How to Teach and Reinforce Consistent Messaging with Your Sales Team

Updated: March 19, 2010

Role Playing: When you first introduce new messaging, don't train it by handing out a bullet list and talking through it. Get your reps comfortable with the messaging by acting it out in simulated prospect conversations. Some organizations go as far as to have a live role-playing "test" for new reps to make sure they're comfortable using new messaging. But even if you don't go that far, use role-playing to introduce messaging and then incorporate "refresh" sessions on occasion to keep it fresh and top of mind.

Don't Overscript It: Good sales reps are going to use a word-for-word script anyway. It's OK to give them messaging in a training environment that is written out - in bullet or paragraph form - but you can't expect them to use this verbatim in a sales pitch. It will come across to to the prospect as wooden, contrived and/or inauthentic. Instead, highlight in your messaging the key words and phrases that are most important, and use the role-playing to reinforce that these words & phrases are making their way into conversations.


Sell it with Research & Examples: Want your sales team to believe in the new messages?

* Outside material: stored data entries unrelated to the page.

(* Consider the setting described in the context, with $\rho>0$, $\gamma>0$, symmetric positive semidefinite $P_i,Q_i\in\mathbb{R}^{n\times n}$, and let $\bm{u}^k=(\check{\bm{W}}^k,\hat{\bm{W}}^k,\lambda^k)$ be the sequence generated by the algorithm and $\bm{u}^*=(\check{\bm{W}}^*,\hat{\bm{W}}^*,\lambda^* )$ a KKT point of (P1). Then for every $k\ge 1$, $$\|\bm{u}^k-\bm{u}^*\|^2_{\bm{G}}-\|\bm{u}^{k+1}-\bm{u}^*\|^2_{\bm{G}}\ \ge\ \|\bm{u}^k-\bm{u}^{k+1}\|^2_{\bm{M}},$$ where $$\|\bm{u}^k-\bm{u}^{k+1}\|^2_{\bm{M}}=\|\check{\bm{W}}^k-\check{\bm{W}}^{k+1}\|^2_{\bm{G}_1}+\|\hat{\bm{W}}^k-\hat{\bm{W}}^{k+1}\|^2_{\bm{G}_2-\bm{G}_3}+\frac{2-\gamma}{\gamma^2\rho}\|\lambda^k-\lambda^{k+1}\|^2+\frac{2}{\gamma}(\lambda^k-\lambda^{k+1})^T\bm{A}(\check{\bm{W}}^k-\check{\bm{W}}^{k+1}).$$
   Context: Let $\mathcal{G}=(\mathcal{V},\mathcal{E})$ be a connected undirected graph with $\mathcal{V}=\{1,\dots,N\}$, $N\ge 2$, and let $d_i$ be the degree of $i$. Variables are $\check{\bm{w}}_i,\hat{\bm{w}}_i\in\mathbb{R}^n$; write $\check{\bm{W}}=(\check{\bm{w}}_1,\dots,\check{\bm{w}}_N)\in\mathbb{R}^{Nn}$, $\hat{\bm{W}}$ likewise, $\bm{z}_i=(\check{\bm{w}}_i,\hat{\bm{w}}_i)$, $\bm{Z}=(\check{\bm{W}},\hat{\bm{W}})$. The matrix $\bm{A}\in\mathbb{R}^{|\mathcal{E}|n\times Nn}$ has one block row per edge $\{i,j\}$ ($i<j$) with $I_n$ in block column $i$, $-I_n$ in block column $j$ and zeros elsewhere; $A_i$ denotes its $i$-th block column, so $\bm{A}\check{\bm{W}}=\sum_i A_i\check{\bm{w}}_i$, $A_i^TA_i=d_iI_n$, and for $i\ne j$, $A_i^TA_j=-I_n$ if $\{i,j\}\in\mathcal{E}$ and $0$ otherwise. Each $f_i:\mathbb{R}^n\times\mathbb{R}^n\to\mathbb{R}$ is differentiable and jointly convex in $(\check{\bm{w}}_i,\hat{\bm{w}}_i)$, with $\|\nabla f_i(\bm{z}^1)-\nabla f_i(\bm{z}^2)\|\le C_i\|\bm{z}^1-\bm{z}^2\|$ for all $\bm{z}^1,\bm{z}^2$. Let $\mu_1\ge0$, $\mu_2>0$, $F_i(\bm{z}_i)=f_i(\check{\bm{w}}_i,\hat{\bm{w}}_i)+\frac{\mu_1}{2}\|\check{\bm{w}}_i\|^2+\frac{\mu_2}{2}\|\hat{\bm{w}}_i\|^2$, $\bm{F}(\bm{Z})=\sum_iF_i(\bm{z}_i)$, and let $m$ be a constant with $0<m\le\mu_2$ (a strong convexity modulus of $\hat{\bm{w}}\mapsto\frac{\mu_2}{2}\|\hat{\bm{w}}\|^2$). Problem (P1): minimize $\bm{F}(\bm{Z})$ subject to $\bm{A}\check{\bm{W}}=0$. A KKT point of (P1) is $(\check{\bm{W}}^*,\hat{\bm{W}}^*,\lambda^* )$ with $\bm{A}\check{\bm{W}}^*=0$, $A_i^T\lambda^*=\nabla_{\check{\bm{w}}_i}F_i(\bm{z}_i^* )$, $\nabla_{\hat{\bm{w}}_i}F_i(\bm{z}_i^* )=0$ for all $i$. Algorithm: with $\mathcal{L}_\rho(\check{\bm{W}},\hat{\bm{W}},\lambda)=\bm{F}(\bm{Z})-\lambda^T\bm{A}\check{\bm{W}}+\frac{\rho}{2}\|\bm{A}\check{\bm{W}}\|^2$, starting from arbitrary $\check{\bm{W}}^0,\hat{\bm{W}}^0,\lambda^0$, for $k=0,1,\dots$: (i) for all $i$ in parallel, $\check{\bm{w}}_i^{k+1}=\arg\min_{\check{\bm{w}}_i}\mathcal{L}_\rho(\check{\bm{w}}_i,\check{\bm{W}}^k_{-i},\hat{\bm{W}}^k,\lambda^k)+\frac12\|\check{\bm{w}}_i-\check{\bm{w}}_i^k\|^2_{P_i}$, where $\check{\bm{W}}^k_{-i}$ are the other blocks at iteration $k$; (ii) $\lambda^{k+1}=\lambda^k-\gamma\rho\bm{A}\check{\bm{W}}^{k+1}$; (iii) for all $i$ in parallel, $\hat{\bm{w}}_i^{k+1}=\arg\min_{\hat{\bm{w}}_i}F_i(\check{\bm{w}}_i^{k+1},\hat{\bm{w}}_i)+\frac12\|\hat{\bm{w}}_i-\hat{\bm{w}}_i^k\|^2_{Q_i}$. Notation: $\|x\|_S^2=x^TSx$; $\bm{G}_1=\mathrm{blkdiag}(\rho A_i^TA_i+P_i)_{i}$, $\bm{G}_2=\mathrm{blkdiag}(Q_i)_i$, $\bm{G}_3=\mathrm{blkdiag}\big(\frac{C_i}{m}(C_i+m)I_n\big)_i$, $\bm{G}=\mathrm{blkdiag}(\bm{G}_1,\bm{G}_2,\frac{1}{\gamma\rho}I)$, and $\bm{M}=\begin{bmatrix}\bm{G}_1&0&\frac1\gamma\bm{A}^T\\0&\bm{G}_2-\bm{G}_3&0\\\frac1\gamma\bm{A}&0&\frac{2-\gamma}{\gamma^2\rho}I\end{bmatrix}$. *)

theory Defs
  imports "HOL-Analysis.Analysis"
begin

type_synonym 'n vec = "real ^ 'n"
type_synonym edge = "nat \<times> nat"

text \<open>Graph on vertices {1..N}; each undirected edge {i,j} with i<j is stored as the pair (i,j).\<close>
definition connected_graph :: "nat \<Rightarrow> edge set \<Rightarrow> bool" where
  "connected_graph N E \<longleftrightarrow>
     E \<subseteq> {(i,j). 1 \<le> i \<and> i < j \<and> j \<le> N} \<and>
     (\<forall>i\<in>{1..N}. \<forall>j\<in>{1..N}. (i,j) \<in> (E \<union> E\<inverse>)\<^sup>*)"

text \<open>Block column A_i applied to x (one block per edge): x on edges (i,j), -x on edges (j,i).\<close>
definition Acol :: "edge set \<Rightarrow> nat \<Rightarrow> 'n::finite vec \<Rightarrow> edge \<Rightarrow> 'n::finite vec" where
  "Acol E i x = (\<lambda>e. if e \<in> E \<and> fst e = i then x else if e \<in> E \<and> snd e = i then - x else 0)"

definition AW :: "edge set \<Rightarrow> (nat \<Rightarrow> 'n::finite vec) \<Rightarrow> edge \<Rightarrow> 'n::finite vec" where
  "AW E W = (\<lambda>e. if e \<in> E then W (fst e) - W (snd e) else 0)"

definition ATi :: "edge set \<Rightarrow> nat \<Rightarrow> (edge \<Rightarrow> 'n::finite vec) \<Rightarrow> 'n::finite vec" where
  "ATi E i lam = (\<Sum>e\<in>E. (if fst e = i then lam e else if snd e = i then - lam e else 0))"

definition einner :: "edge set \<Rightarrow> (edge \<Rightarrow> 'n::finite vec) \<Rightarrow> (edge \<Rightarrow> 'n::finite vec) \<Rightarrow> real" where
  "einner E a b = (\<Sum>e\<in>E. a e \<bullet> b e)"

definition qf :: "real ^ 'n::finite ^ 'n::finite \<Rightarrow> 'n::finite vec \<Rightarrow> real" where
  "qf S x = x \<bullet> (S *v x)"

definition psd_sym :: "real ^ 'n::finite ^ 'n::finite \<Rightarrow> bool" where
  "psd_sym S \<longleftrightarrow> transpose S = S \<and> (\<forall>x. 0 \<le> qf S x)"

definition Fi :: "(nat \<Rightarrow> 'n::finite vec \<times> 'n::finite vec \<Rightarrow> real) \<Rightarrow> real \<Rightarrow> real \<Rightarrow> nat \<Rightarrow> 'n::finite vec \<Rightarrow> 'n::finite vec \<Rightarrow> real" where
  "Fi f mu1 mu2 i w v = f i (w, v) + mu1 / 2 * (norm w)\<^sup>2 + mu2 / 2 * (norm v)\<^sup>2"

definition FF :: "(nat \<Rightarrow> 'n::finite vec \<times> 'n::finite vec \<Rightarrow> real) \<Rightarrow> real \<Rightarrow> real \<Rightarrow> nat \<Rightarrow> (nat \<Rightarrow> 'n::finite vec) \<Rightarrow> (nat \<Rightarrow> 'n::finite vec) \<Rightarrow> real" where
  "FF f mu1 mu2 N Wc Wh = (\<Sum>i\<in>{1..N}. Fi f mu1 mu2 i (Wc i) (Wh i))"

definition Lag :: "(nat \<Rightarrow> 'n::finite vec \<times> 'n::finite vec \<Rightarrow> real) \<Rightarrow> real \<Rightarrow> real \<Rightarrow> nat \<Rightarrow> edge set \<Rightarrow> real
    \<Rightarrow> (nat \<Rightarrow> 'n::finite vec) \<Rightarrow> (nat \<Rightarrow> 'n::finite vec) \<Rightarrow> (edge \<Rightarrow> 'n::finite vec) \<Rightarrow> real" where
  "Lag f mu1 mu2 N E rho Wc Wh lam =
     FF f mu1 mu2 N Wc Wh - einner E lam (AW E Wc) + rho / 2 * einner E (AW E Wc) (AW E Wc)"

text \<open>KKT point of (P1); grad i z is the gradient of f_i at z = (check w, hat w).\<close>
definition KKT :: "(nat \<Rightarrow> 'n::finite vec \<times> 'n::finite vec \<Rightarrow> 'n::finite vec \<times> 'n::finite vec) \<Rightarrow> real \<Rightarrow> real \<Rightarrow> nat \<Rightarrow> edge set
    \<Rightarrow> (nat \<Rightarrow> 'n::finite vec) \<Rightarrow> (nat \<Rightarrow> 'n::finite vec) \<Rightarrow> (edge \<Rightarrow> 'n::finite vec) \<Rightarrow> bool" where
  "KKT grad mu1 mu2 N E Wc Wh lam \<longleftrightarrow>
     (\<forall>e\<in>E. AW E Wc e = 0) \<and>
     (\<forall>i\<in>{1..N}. ATi E i lam = fst (grad i (Wc i, Wh i)) + mu1 *\<^sub>R Wc i \<and>
                  snd (grad i (Wc i, Wh i)) + mu2 *\<^sub>R Wh i = 0)"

Prove to them that it's real and will work with their prospects by backing it up with research and outside examples. Give them confidence that these messages will resonate with their prospects and help them sell more.

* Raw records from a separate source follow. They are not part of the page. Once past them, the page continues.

lemma argument_principle_deriv:
  fixes g :: "complex \<Rightarrow> complex" and \<gamma> :: "real \<Rightarrow> complex" and R :: real
  defines "pz \<equiv> {z \<in> ball 0 R. deriv g z = 0 \<or> is_pole g z}"
  assumes g: "g nicely_meromorphic_on UNIV"
    and \<gamma>: "valid_path \<gamma>" "pathfinish \<gamma> = pathstart \<gamma>" "path_image \<gamma> \<subseteq> ball 0 R"
    and avoid: "\<And>z. z \<in> path_image \<gamma> \<Longrightarrow> g analytic_on {z} \<and> deriv g z \<noteq> 0"
    and finite: "finite pz"
  shows "contour_integral \<gamma> (\<lambda>z. deriv (deriv g) z / deriv g z) =
           2 * pi * \<i> * (\<Sum>q\<in>pz. winding_number \<gamma> q * of_int (zorder (deriv g) q))"
proof -
  have "contour_integral \<gamma> (\<lambda>z. deriv (deriv g) z * 1 / deriv g z) =
      2 * pi * \<i> * (\<Sum>q\<in>{w \<in> ball 0 R. deriv g w = 0 \<or> w \<in> {z. is_pole g z}}.
        winding_number \<gamma> q * 1 * of_int (zorder (deriv g) q))"
  proof (rule argument_principle)
    have "deriv g analytic_on {z}" if "\<not> is_pole g z" for z
      using nicely_meromorphic_on_imp_analytic_at[OF g] that by (auto intro: analytic_deriv)
    then show "deriv g holomorphic_on ball 0 R - {z. is_pole g z}"
      by (intro analytic_imp_holomorphic analytic_on_analytic_at[THEN iffD2]) auto
    show "path_image \<gamma> \<subseteq> ball 0 R - {w \<in> ball 0 R. deriv g w = 0 \<or> w \<in> {z. is_pole g z}}"
      using \<gamma>(3) avoid analytic_at_imp_no_pole by fastforce
    show "\<forall>z. z \<notin> ball 0 R \<longrightarrow> winding_number \<gamma> z = 0"
      using \<gamma> by (auto intro!: winding_number_zero_outside[of \<gamma> "ball 0 R"] valid_path_imp_path)
    have "isolated_singularity_at g q" for q
      using g by (auto simp: nicely_meromorphic_on_def meromorphic_on_altdef)
    then show "\<forall>q\<in>ball 0 R \<inter> {z. is_pole g z}. is_pole (deriv g) q"
      using is_pole_deriv by blast
  qed (use \<gamma> finite in \<open>auto simp: pz_def\<close>)
  then show ?thesis
    by (simp add: pz_def)
qed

Try a Conversation Tree Approach: When you structure new messaging for presentation to the sales team, consider putting it into a "conversation tree" format. In other words, map out the progression of questions or back-and-forth you'd expect will happen on the call. This will show reps not only what messages you want used, but how to contextually introduce them into a natural conversation.

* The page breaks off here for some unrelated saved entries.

(* Let $\rho_0,\rho_1\in\mathcal{P}(\mathbb{R}^n)\cap L^\infty(\mathbb{R}^n)$ be radially symmetric about the origin, strictly radially decreasing and $C^2$ in the interior of their supports, with $\Delta\rho_0(0)<0$ and $\Delta\rho_1(0)<0$. Let $h_0,h_1$ be their height functions and $h_t=(1-t)h_0+th_1$. Then there exist $c,C\in(0,\infty)$ and $\bar s\in(0,1)$ depending only on $\rho_0,\rho_1$ such that $$c(1-s)^{-\frac{n}{n+2}}\le h_t'(s)\le C(1-s)^{-\frac{n}{n+2}}\quad\text{for all }t\in[0,1],\ s\in(\bar s,1).$$
   Context: Height function of a radially decreasing $\rho\in\mathcal{P}(\mathbb{R}^n)\cap L^\infty$: $h:(0,1)\to(0,\|\rho\|_\infty)$ defined by $\int_{\mathbb{R}^n}\min\{\rho(x),h(s)\}dx=s$. *)

theory Defs
  imports "HOL-Analysis.Analysis"
begin

definition bounded_prob_density :: "('a::euclidean_space \<Rightarrow> real) \<Rightarrow> bool" where
  "bounded_prob_density \<rho> \<longleftrightarrow>
     \<rho> \<in> borel_measurable lborel \<and> (\<forall>x. 0 \<le> \<rho> x) \<and> integrable lborel \<rho> \<and>
     (\<integral>x. \<rho> x \<partial>lborel) = 1 \<and> (\<exists>M. AE x in lborel. \<bar>\<rho> x\<bar> \<le> M)"

definition radially_symmetric :: "('a::euclidean_space \<Rightarrow> real) \<Rightarrow> bool" where
  "radially_symmetric \<rho> \<longleftrightarrow> (\<forall>x y. norm x = norm y \<longrightarrow> \<rho> x = \<rho> y)"

definition strictly_radially_decreasing :: "('a::euclidean_space \<Rightarrow> real) \<Rightarrow> bool" where
  "strictly_radially_decreasing \<rho> \<longleftrightarrow>
     (\<forall>x y. norm x < norm y \<longrightarrow> 0 < \<rho> y \<longrightarrow> \<rho> y < \<rho> x)"

definition supp :: "('a::euclidean_space \<Rightarrow> real) \<Rightarrow> 'a set" where
  "supp \<rho> = closure {x. \<rho> x \<noteq> 0}"

definition partial :: "'a::euclidean_space \<Rightarrow> ('a \<Rightarrow> real) \<Rightarrow> 'a \<Rightarrow> real" where
  "partial i f x = frechet_derivative f (at x) i"

definition C2_on :: "'a::euclidean_space set \<Rightarrow> ('a \<Rightarrow> real) \<Rightarrow> bool" where
  "C2_on U f \<longleftrightarrow>
     (\<forall>x\<in>U. f differentiable (at x)) \<and>
     (\<forall>i\<in>Basis. \<forall>x\<in>U. partial i f differentiable (at x)) \<and>
     (\<forall>i\<in>Basis. \<forall>j\<in>Basis. continuous_on U (partial j (partial i f)))"

definition laplacian :: "('a::euclidean_space \<Rightarrow> real) \<Rightarrow> 'a \<Rightarrow> real" where
  "laplacian f x = (\<Sum>i\<in>Basis. partial i (partial i f) x)"

definition is_height_function :: "('a::euclidean_space \<Rightarrow> real) \<Rightarrow> (real \<Rightarrow> real) \<Rightarrow> bool" where
  "is_height_function \<rho> h \<longleftrightarrow>
     (\<forall>s\<in>{0<..<1}. (\<integral>x. min (\<rho> x) (h s) \<partial>lborel) = s)"

end

theory Submission
  imports Defs
begin

(* Write \<rho> x = f |x|.  Since f'(0) = 0 and f''(0) = \<Delta>\<rho>(0) / n < 0, the profile is quadratic
   at its peak M = f 0: M - A r^2 \<le> f r \<le> M - B r^2.  The height function inverts
   H v = \<integral> min \<rho> v, whose derivative H' v = |{\<rho> > v}| is the volume of a ball of radius
   comparable to (M - v)^(1/2), hence comparable to (M - v)^(n/2).  Integrating from v to M,
   1 - H v is comparable to (M - v)^(n/2 + 1), so h' s = 1 / H' (h s) is comparable to
   (1 - s)^(-n/(n+2)).  Bounds of this form survive convex combinations. *)

section \<open>Calculus on the real line\<close>

lemma quadratic_bounds_near_critical_point:
  fixes f f' :: "real \<Rightarrow> real"
  assumes r1: "0 < r1"
    and f_deriv: "\<And>r. 0 \<le> r \<Longrightarrow> r < r1 \<Longrightarrow> (f has_real_derivative f' r) (at r)"
    and f'_0: "f' 0 = 0" and f''_0: "(f' has_real_derivative - L) (at 0)" and L: "0 < L"
  shows "\<exists>\<delta>>0. \<forall>r\<in>{0..\<delta>}. f 0 - 3*L/4 * r\<^sup>2 \<le> f r \<and> f r \<le> f 0 - L/4 * r\<^sup>2"
proof -
  have "((\<lambda>y. f' y / y) \<longlongrightarrow> - L) (at_right 0)"
    using f''_0 f'_0 by (simp add: has_field_derivative_iff filterlim_at_split)
  then have "eventually (\<lambda>y. - 3*L/2 < f' y / y \<and> f' y / y < - L/2) (at_right 0)"
    using L by (intro eventually_conj order_tendstoD) auto
  then obtain b where b: "0 < b" "\<And>y. 0 < y \<Longrightarrow> y < b \<Longrightarrow> - 3*L/2 * y < f' y \<and> f' y < - L/2 * y"
    by (auto simp: eventually_at_right_field field_simps)
  define \<delta> where "\<delta> = min b r1 / 2"
  have \<delta>: "0 < \<delta>" "\<delta> < b" "\<delta> < r1"
    using b r1 by (auto simp: \<delta>_def)
  have f_cont: "continuous_on {0..r} f" if "r \<le> \<delta>" for r
  proof (intro continuous_at_imp_continuous_on ballI)
    fix x assume "x \<in> {0..r}"
    with that \<delta> show "isCont f x" by (intro DERIV_isCont[OF f_deriv]) auto
  qed
  have "f 0 - 3*L/4 * r\<^sup>2 \<le> f r \<and> f r \<le> f 0 - L/4 * r\<^sup>2" if r: "0 \<le> r" "r \<le> \<delta>" for r
  proof
    have "f 0 + 3*L/4 * 0\<^sup>2 \<le> f r + 3*L/4 * r\<^sup>2"
    proof (rule DERIV_nonneg_imp_increasing_open[OF r(1)])
      fix x assume "0 < x" "x < r"
      with b(2)[of x] f_deriv[of x] \<delta> r
      show "\<exists>y. ((\<lambda>x. f x + 3*L/4 * x\<^sup>2) has_real_derivative y) (at x) \<and> 0 \<le> y"
        by (intro exI[of _ "f' x + 3*L/4 * (2 * x)"]) (auto intro!: derivative_eq_intros)
    qed (use f_cont[OF r(2)] in \<open>auto intro!: continuous_intros\<close>)
    then show "f 0 - 3*L/4 * r\<^sup>2 \<le> f r" by simp
    have "f r + L/4 * r\<^sup>2 \<le> f 0 + L/4 * 0\<^sup>2"
    proof (rule DERIV_nonpos_imp_decreasing_open[OF r(1)])
      fix x assume "0 < x" "x < r"
      with b(2)[of x] f_deriv[of x] \<delta> r
      show "\<exists>y. ((\<lambda>x. f x + L/4 * x\<^sup>2) has_real_derivative y) (at x) \<and> y \<le> 0"
        by (intro exI[of _ "f' x + L/4 * (2 * x)"]) (auto intro!: derivative_eq_intros)
    qed (use f_cont[OF r(2)] in \<open>auto intro!: continuous_intros\<close>)
    then show "f r \<le> f 0 - L/4 * r\<^sup>2" by simp
  qed
  with \<delta> show ?thesis by auto
qed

Keyword Reminders at Each Desk: Even if you use bullet or paragraph-formatted messaging to educate & train the sales team, don't expect this same format will be useful when they're on a live call and need a reminder. Instead, give them something they can pin up at their desk that focuses on the keywords. If trained well, these keywords will remind them "on the fly" of the broader messages, phrases and themes they need to use on the phone.


Monitoring & Reinforcement: If you have the ability to do remote call monitoring, use these sessions to check for correct and consistent usage of the new messaging. Afterward, call out those who are using it well and anonymously cite examples where it may not have been used, with suggestions for how it could have been incorporated. This will reward those who are using the new messaging with some peer recognition, while providing an ongoing training opportunity without calling out those who may still be struggling.